(* Let $S,P,Q$ be pairwise disjoint finite sets and $\mathcal{M}_{SP},\mathcal{M}_P,\mathcal{M}_{PQ}$ matroids on $S\uplus P$, $P$, $P\uplus Q$ respectively. 1. If $\mathcal{M}^1_{SP},\mathcal{M}^1_{PQ}$ are matroids on $S\uplus P$, $P\uplus Q$ with $\mathcal{M}^1_{SP}\ge\mathcal{M}_{SP}$ and $\mathcal{M}^1_{PQ}\ge\mathcal{M}_{PQ}$, then $\mathcal{M}^1_{SP}\leftrightarrow\mathcal{M}^1_{PQ}\ge\mathcal{M}_{SP}\leftrightarrow\mathcal{M}_{PQ}$. 2. $\mathcal{M}_{SP}\circ S\ge\mathcal{M}_{SP}\leftrightarrow\mathcal{M}_P\ge\mathcal{M}_{SP}\times S$. 3. If $\mathcal{M}_P=\mathcal{M}^*_{SP}\circ P$, then $\mathcal{M}_{SP}\circ S=\mathcal{M}_{SP}\leftrightarrow\mathcal{M}_P$. 4. If $\mathcal{M}_P=\mathcal{M}^*_{SP}\times P$, then $\mathcal{M}_{SP}\times S=\mathcal{M}_{SP}\leftrightarrow\mathcal{M}_P$.
   Context: Matroids are on finite sets, given by their bases; $\mathcal{M}^*$ is the dual. $\mathcal{M}\circ T$ is the restriction (independent sets inside $T$), $\mathcal{M}\times T$ the contraction (matroid on $T$ whose bases are the minimal sets $b\cap T$, $b$ a base). $\mathbf{0}_X$ has only base $\emptyset$; $\oplus$ direct sum. For matroids on the same set, $\mathcal{M}_1\vee\mathcal{M}_2$ has bases the maximal sets $b_1\cup b_2$. $\mathcal{M}_{SP}\leftrightarrow\mathcal{M}_{PQ}:=((\mathcal{M}_{SP}\oplus\mathbf{0}_Q)\vee(\mathcal{M}_{PQ}\oplus\mathbf{0}_S))\times(S\uplus Q)$, and $\mathcal{M}_{SP}\leftrightarrow\mathcal{M}_P:=(\mathcal{M}_{SP}\vee(\mathcal{M}_P\oplus\mathbf{0}_S))\times S$. For matroids $\mathcal{M}^1,\mathcal{M}^2$ on the same set $E$, $\mathcal{M}^1\ge\mathcal{M}^2$ means: for every $T\subseteq E$, every base of $\mathcal{M}^1\circ T$ contains a base of $\mathcal{M}^2\circ T$ and every base of $\mathcal{M}^2\circ T$ is contained in a base of $\mathcal{M}^1\circ T$. *)

theory Defs
  imports Main
begin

* _Action item_
To answer, copy each line from the material above that has the word "sets".

* _Solution_
(* Let $S,P,Q$ be pairwise disjoint finite sets and $\mathcal{M}_{SP},\mathcal{M}_P,\mathcal{M}_{PQ}$ matroids on $S\uplus P$, $P$, $P\uplus Q$ respectively. 1. If $\mathcal{M}^1_{SP},\mathcal{M}^1_{PQ}$ are matroids on $S\uplus P$, $P\uplus Q$ with $\mathcal{M}^1_{SP}\ge\mathcal{M}_{SP}$ and $\mathcal{M}^1_{PQ}\ge\mathcal{M}_{PQ}$, then $\mathcal{M}^1_{SP}\leftrightarrow\mathcal{M}^1_{PQ}\ge\mathcal{M}_{SP}\leftrightarrow\mathcal{M}_{PQ}$. 2. $\mathcal{M}_{SP}\circ S\ge\mathcal{M}_{SP}\leftrightarrow\mathcal{M}_P\ge\mathcal{M}_{SP}\times S$. 3. If $\mathcal{M}_P=\mathcal{M}^*_{SP}\circ P$, then $\mathcal{M}_{SP}\circ S=\mathcal{M}_{SP}\leftrightarrow\mathcal{M}_P$. 4. If $\mathcal{M}_P=\mathcal{M}^*_{SP}\times P$, then $\mathcal{M}_{SP}\times S=\mathcal{M}_{SP}\leftrightarrow\mathcal{M}_P$.
   Context: Matroids are on finite sets, given by their bases; $\mathcal{M}^*$ is the dual. $\mathcal{M}\circ T$ is the restriction (independent sets inside $T$), $\mathcal{M}\times T$ the contraction (matroid on $T$ whose bases are the minimal sets $b\cap T$, $b$ a base). $\mathbf{0}_X$ has only base $\emptyset$; $\oplus$ direct sum. For matroids on the same set, $\mathcal{M}_1\vee\mathcal{M}_2$ has bases the maximal sets $b_1\cup b_2$. $\mathcal{M}_{SP}\leftrightarrow\mathcal{M}_{PQ}:=((\mathcal{M}_{SP}\oplus\mathbf{0}_Q)\vee(\mathcal{M}_{PQ}\oplus\mathbf{0}_S))\times(S\uplus Q)$, and $\mathcal{M}_{SP}\leftrightarrow\mathcal{M}_P:=(\mathcal{M}_{SP}\vee(\mathcal{M}_P\oplus\mathbf{0}_S))\times S$. For matroids $\mathcal{M}^1,\mathcal{M}^2$ on the same set $E$, $\mathcal{M}^1\ge\mathcal{M}^2$ means: for every $T\subseteq E$, every base of $\mathcal{M}^1\circ T$ contains a base of $\mathcal{M}^2\circ T$ and every base of $\mathcal{M}^2\circ T$ is contained in a base of $\mathcal{M}^1\circ T$. *)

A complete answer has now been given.